Certified lattice reduction, with a view towards algebraic number theory

Quadratic form reduction and lattice reduction are fundamental tools in computational number theory and in computer science, especially in cryptography. The celebrated Lenstra-Lenstra-Lovász reduction algorithm (so-called LLL) has been improved in many ways through the past decades and remains one of the central method used for reducing integral lattice basis. In particular, its floating-point variants--where the long-integer arithmetic required by Gram-Schmidt orthogonalization is replaced by floating- point arithmetic--are now the fastest known. Nonetheless, the systematic study of the reduction theory of real quadratic forms or more generally of real lattices--in particular on the precision needed to represent lattices in such a way the reduction can soundly operate--is quasi-inexistent. In this talk, we present a sound adaptive-precision version of a generalized LLL algorithm working for lattices endowed with an arbitrary scalar product, as well as a theoretical analysis of the representation needed to perform such a reduction. In this framework, floating-point arithmetic is replaced by Interval Arithmetic.

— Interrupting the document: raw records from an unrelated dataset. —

lemma badly_approximable_imp_mink_ratio_bounded_below:
  assumes "badly_approximable \<alpha>"
  shows "\<exists>\<delta> > 0. \<forall>m \<ge> 1. \<delta> \<le> \<bar>mink_ratio \<alpha> m\<bar>"
proof -
  obtain c where "0 < c"
    and c: "\<forall>q p. 1 \<le> q \<longrightarrow> c \<le> real_of_int q * \<bar>real_of_int q * \<alpha> + real_of_int p\<bar>"
    using assms unfolding badly_approximable_def by blast
  then have "\<forall>m \<ge> 1. c / 2 \<le> \<bar>mink_ratio \<alpha> m\<bar>" using mink_ratio_lower by blast
  then show ?thesis using \<open>0 < c\<close> by (intro exI[of _ "c / 2"]) simp
qed

lemma unbounded_cf_quot_imp_small_mink_ratio:
  assumes "\<not> (\<exists>C. \<forall>j \<ge> 1. \<bar>cf_quot \<alpha> j\<bar> \<le> C)" and "0 < \<delta>"
  obtains m where "1 \<le> m" "\<bar>mink_ratio \<alpha> m\<bar> < \<delta>"
proof -
  define \<eta> where "\<eta> = min (1 / 2) (\<delta> / 4)"
  have \<eta>: "0 < \<eta>" "\<eta> \<le> 1 / 2" "\<eta> \<le> \<delta> / 4" unfolding \<eta>_def using assms(2) by auto
  obtain j where j: "1 \<le> j" "cf_den \<alpha> j * cf_dist \<alpha> j < \<eta>"
    using unbounded_cf_quot_imp_small_den_dist[OF assms(1) \<eta>(1)] .
  define m where "m = nat (cf_den \<alpha> j)"
  have m: "1 \<le> m" "int m = cf_den \<alpha> j" using cf_den_ge_1[OF j(1)] unfolding m_def by auto
  define E where "E = m * \<bar>xi \<alpha> (mink_w1 \<alpha> m)\<bar>"
  have "E = cf_den \<alpha> j * \<bar>xi \<alpha> (mink_w1 \<alpha> m)\<bar>"
    unfolding E_def by (metis m(2) of_int_of_nat_eq)
  also have "\<dots> \<le> cf_den \<alpha> j * cf_dist \<alpha> j"
    using mink_w1_le_cf_dist[OF j(1)] m(2) cf_den_ge_1[OF j(1)] by (intro mult_left_mono) auto
  finally have "E \<le> cf_den \<alpha> j * cf_dist \<alpha> j" .
  then have E: "0 \<le> E" "E < \<eta>" using j(2) unfolding E_def by auto
  have "\<bar>mink_ratio \<alpha> m\<bar> \<le> E / (1 - E)"
    using mink_ratio_upper[OF m(1)] E \<eta> unfolding E_def by simp
  also have "\<dots> \<le> 2 * E"
    using E \<eta> mult_left_mono[of "2 * E" 1 E] by (simp add: divide_le_eq algebra_simps)
  also have "\<dots> < \<delta>" using E \<eta> by linarith
  finally show thesis using that m(1) by blast
qed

The inherent certification property of Interval Arithmetic enables runtime detection of precision defects in numerical computations and accordingly makes it possible to run the reduction algorithms with guaranteed nearly optimal precision. We then present some applications of these results to algebraic number theory and more precisely develop sound techniques for an algorithmic insight of the Geometry of Numbers in number fields.